The site has some mildly educational videos about environmental issues, all using scantily clad attractive women to attract heterosexual men to environmental causes.  Some of the videos include a fully clad man called “Can’t Get Laid Guy,” to whom the “hot” women are downright mean. By conforming to stereotypes of the shallow, ditzy, self-centered, and rude but attractive female, the site seems to attempt mainly to attract “geeky” heterosexual men.  With statements such as “As for you, think about turning off the lights before you leave your apartment and maybe some day a sober girl will give you her real phone number,” the site attempts to attract these men with the vague hope of one day being able to gain sexual access to beautiful women (as long as they go green).  The site also reinforces the stereotype of the smart but nerdy male who has absolutely no social life and no chance with the beautiful but cruel and shallow female.

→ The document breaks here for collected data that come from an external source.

(* Let $G$ be a connected simple graph on $n\ge2$ vertices, let $\alpha\in\mathbb{R}$, and suppose the vertices are labeled so that $({}^\alpha m)_1+d_1\ge({}^\alpha m)_2+d_2\ge\cdots\ge({}^\alpha m)_n+d_n$. Let $\Delta$ be the maximum degree of $G$ and $N=\max_{i\sim j}d_j^\alpha/d_i^\alpha$. Then for $1\le i\le n$, writing $s_k=({}^\alpha m)_k+d_k$, \[\rho(Q(G))\le \frac{s_i+\Delta-N+\sqrt{(s_i-\Delta+N)^2+4N\sum_{k=1}^{i-1}(s_k-s_i)}}{2}.\] Equality holds if and only if $s_1=s_2=\cdots=s_n$, or there is $t$ with $2\le t\le i$ such that: if $\alpha=0$, $G$ is a bidegreed graph with $d_1=\cdots=d_{t-1}=n-1>d_t=\cdots=d_n$; if $\alpha>0$, $G$ is a bidegreed graph with $s_1>s_2=\cdots=s_n$ and $d_1=n-1>d_2=\cdots=d_n$. (For $\alpha<0$ only the first alternative occurs.)
   Context: $Q(G)=D(G)+A(G)$ is the signless Laplacian matrix, where $A(G)$ is the adjacency matrix and $D(G)=\mathrm{diag}(d_1,\dots,d_n)$ is the diagonal matrix of vertex degrees. $i\sim j$ means $v_i,v_j$ adjacent. The generalized average degree is $({}^\alpha m)_i=\frac{\sum_{j\sim i}d_j^\alpha}{d_i^\alpha}$. $\rho$ is the spectral radius. A bidegreed graph has exactly two distinct vertex degrees. An empty sum equals $0$. *)

theory Defs
  imports "Jordan_Normal_Form.Spectral_Radius"
begin

text \<open>A simple graph on the vertex set {0..<n} (vertex k here is v_(k+1) of the paper),
given by an adjacency relation E.\<close>

definition simple_graph :: "nat \<Rightarrow> (nat \<Rightarrow> nat \<Rightarrow> bool) \<Rightarrow> bool" where
  "simple_graph n E \<longleftrightarrow> (\<forall>i j. E i j \<longrightarrow> i < n \<and> j < n) \<and>
     (\<forall>i j. E i j \<longrightarrow> E j i) \<and> (\<forall>i. \<not> E i i)"

definition connected_graph :: "nat \<Rightarrow> (nat \<Rightarrow> nat \<Rightarrow> bool) \<Rightarrow> bool" where
  "connected_graph n E \<longleftrightarrow> (\<forall>u v. u < n \<longrightarrow> v < n \<longrightarrow> E\<^sup>*\<^sup>* u v)"

definition deg :: "nat \<Rightarrow> (nat \<Rightarrow> nat \<Rightarrow> bool) \<Rightarrow> nat \<Rightarrow> nat" where
  "deg n E i = card {j. j < n \<and> E i j}"

definition adj_mat :: "nat \<Rightarrow> (nat \<Rightarrow> nat \<Rightarrow> bool) \<Rightarrow> real mat" where
  "adj_mat n E = mat n n (\<lambda>(i, j). if E i j then 1 else 0)"

definition deg_mat :: "nat \<Rightarrow> (nat \<Rightarrow> nat \<Rightarrow> bool) \<Rightarrow> real mat" where
  "deg_mat n E = mat n n (\<lambda>(i, j). if i = j then real (deg n E i) else 0)"

definition signless_laplacian :: "nat \<Rightarrow> (nat \<Rightarrow> nat \<Rightarrow> bool) \<Rightarrow> real mat" where
  "signless_laplacian n E = deg_mat n E + adj_mat n E"

definition rho_Q :: "nat \<Rightarrow> (nat \<Rightarrow> nat \<Rightarrow> bool) \<Rightarrow> real" where
  "rho_Q n E = spectral_radius (map_mat complex_of_real (signless_laplacian n E))"

definition gen_avg_deg :: "nat \<Rightarrow> (nat \<Rightarrow> nat \<Rightarrow> bool) \<Rightarrow> real \<Rightarrow> nat \<Rightarrow> real" where
  "gen_avg_deg n E \<alpha> i =
     (\<Sum>j\<in>{j. j < n \<and> E i j}. real (deg n E j) powr \<alpha>) / real (deg n E i) powr \<alpha>"

definition bidegreed :: "nat \<Rightarrow> (nat \<Rightarrow> nat \<Rightarrow> bool) \<Rightarrow> bool" where
  "bidegreed n E \<longleftrightarrow> card (deg n E ` {..<n}) = 2"

end

theory Submission
  imports Defs
begin

text \<open>A Collatz--Wielandt argument.  If a nonnegative matrix Q and a positive vector p satisfy
  Q p \<le> phi p row by row, every eigenvalue of Q has modulus at most phi; if moreover Q is
  irreducible and some eigenvalue has modulus phi, the indices where |v k| / p k is maximal are
  closed under the edges of Q, so Q p = phi p.

  Here p k = d_k^alpha x k, where x k - 1 is proportional to s k - s i for k < i and vanishes
  otherwise.  The defect phi p k - (Q p) k splits into four nonnegative slacks, and all of them
  vanish iff every vertex with s k > s i is adjacent to all other vertices and satisfies
  d_k^alpha = N d_j^alpha for each neighbour j, while s k = s i for k \<ge> i.  A case analysis
  on the sign of alpha turns this condition into the graphs listed in the theorem.\<close>

lemma mult_mat_vec_index_sum:
  assumes "A \<in> carrier_mat n n" "u \<in> carrier_vec n" "k < n"
  shows "(A *\<^sub>v u) $ k = (\<Sum>j<n. A $$ (k, j) * u $ j)"
  using assms by (auto simp: scalar_prod_def lessThan_atLeast0 intro!: sum.cong)

lemma eigen_equations_of_spectrum:
  fixes A :: "complex mat"
  assumes A: "A \<in> carrier_mat n n" and "\<mu> \<in> spectrum A"
  obtains j0 and v :: "nat \<Rightarrow> complex" where "j0 < n" "v j0 \<noteq> 0"
    "\<And>k. k < n \<Longrightarrow> (\<Sum>j<n. A $$ (k, j) * v j) = \<mu> * v k"
proof -
  obtain u where "eigenvector A u \<mu>"
    using \<open>\<mu> \<in> spectrum A\<close> unfolding spectrum_def eigenvalue_def by auto
  hence u: "u \<in> carrier_vec n" "u \<noteq> 0\<^sub>v n" "A *\<^sub>v u = \<mu> \<cdot>\<^sub>v u"
    using A unfolding eigenvector_def by auto
  obtain j0 where "j0 < n" "u $ j0 \<noteq> 0"
    using u(1,2) by (metis carrier_vecD eq_vecI index_zero_vec(1,2))
  moreover have "(\<Sum>j<n. A $$ (k, j) * u $ j) = \<mu> * u $ k" if "k < n" for k
    using arg_cong[OF u(3), of "\<lambda>v. v $ k"] mult_mat_vec_index_sum[OF A u(1) that] u(1) that
    by simp
  ultimately show ?thesis using that by blast
qed

lemma spectrum_of_eigen_equations:
  fixes A :: "complex mat"
  assumes A: "A \<in> carrier_mat n n" and "j0 < n" "v j0 \<noteq> 0"
    and ev: "\<And>k. k < n \<Longrightarrow> (\<Sum>j<n. A $$ (k, j) * v j) = \<mu> * v k"
  shows "\<mu> \<in> spectrum A"
proof -
  define u where "u = vec n v"
  have u: "u \<in> carrier_vec n" "u \<noteq> 0\<^sub>v n"
    using assms(2,3) unfolding u_def by (auto simp: vec_eq_iff)
  have "A *\<^sub>v u = \<mu> \<cdot>\<^sub>v u"
  proof (rule eq_vecI)
    fix k assume "k < dim_vec (\<mu> \<cdot>\<^sub>v u)"
    hence k: "k < n" using u(1) by simp
    show "(A *\<^sub>v u) $ k = (\<mu> \<cdot>\<^sub>v u) $ k"
      using mult_mat_vec_index_sum[OF A u(1) k] ev[OF k] k by (simp add: u_def)
  qed (use A u(1) in simp)
  hence "eigenvector A u \<mu>" using A u unfolding eigenvector_def by auto
  thus ?thesis unfolding spectrum_def eigenvalue_def by auto
qed

lemma max_ratio_witness:
  fixes p :: "nat \<Rightarrow> real" and v :: "nat \<Rightarrow> complex"
  assumes pos: "\<And>j. j < n \<Longrightarrow> 0 < p j" and v: "j0 < n" "v j0 \<noteq> 0"
  obtains m where "0 < m" "\<And>j. j < n \<Longrightarrow> cmod (v j) \<le> m * p j" "\<exists>k<n. cmod (v k) = m * p k"
proof
  define m where "m = Max ((\<lambda>j. cmod (v j) / p j) ` {..<n})"
  have le: "cmod (v j) / p j \<le> m" if "j < n" for j
    unfolding m_def using that by (intro Max_ge) auto
  show "0 < m" using le[OF v(1)] pos[OF v(1)] v(2) by (smt (verit) divide_pos_pos zero_less_norm_iff)
  show "cmod (v j) \<le> m * p j" if "j < n" for j
    using le[OF that] pos[OF that] by (simp add: divide_le_eq mult.commute)
  have "m \<in> (\<lambda>j. cmod (v j) / p j) ` {..<n}" unfolding m_def using v(1) by (intro Max_in) auto
  then obtain k where "k < n" "m = cmod (v k) / p k" by blast
  thus "\<exists>k<n. cmod (v k) = m * p k" using pos[of k] by auto
qed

Will watching attractive women parade around in bikinis really convince heterosexual men to care about environmental issues and change their lifestyles accordingly?  I highly doubt it.  In the videos, the environment seems less of a focus than heterosexual male access to beautiful female bodies.  Personality is treated as an unimportant factor on the site (the girls are downright mean and extremely shallow, but are still presented as the height of sexual desirability.)  So what is Angry Green Girl really selling?  Sex.  And it may be sad but true that “sex sells,” but sex sells Calvin Klein underwear and string bikinis, not causes like environmental activism.

But don’t take it from me.  Watch some of the videos from the site and decide for yourselves.

And here’s a video from an Angry Green Girl hybrid-only waterless bikini car wash.

Good cause?  Yes.  Good tactic?  In my opinion, not so much.  What do you think?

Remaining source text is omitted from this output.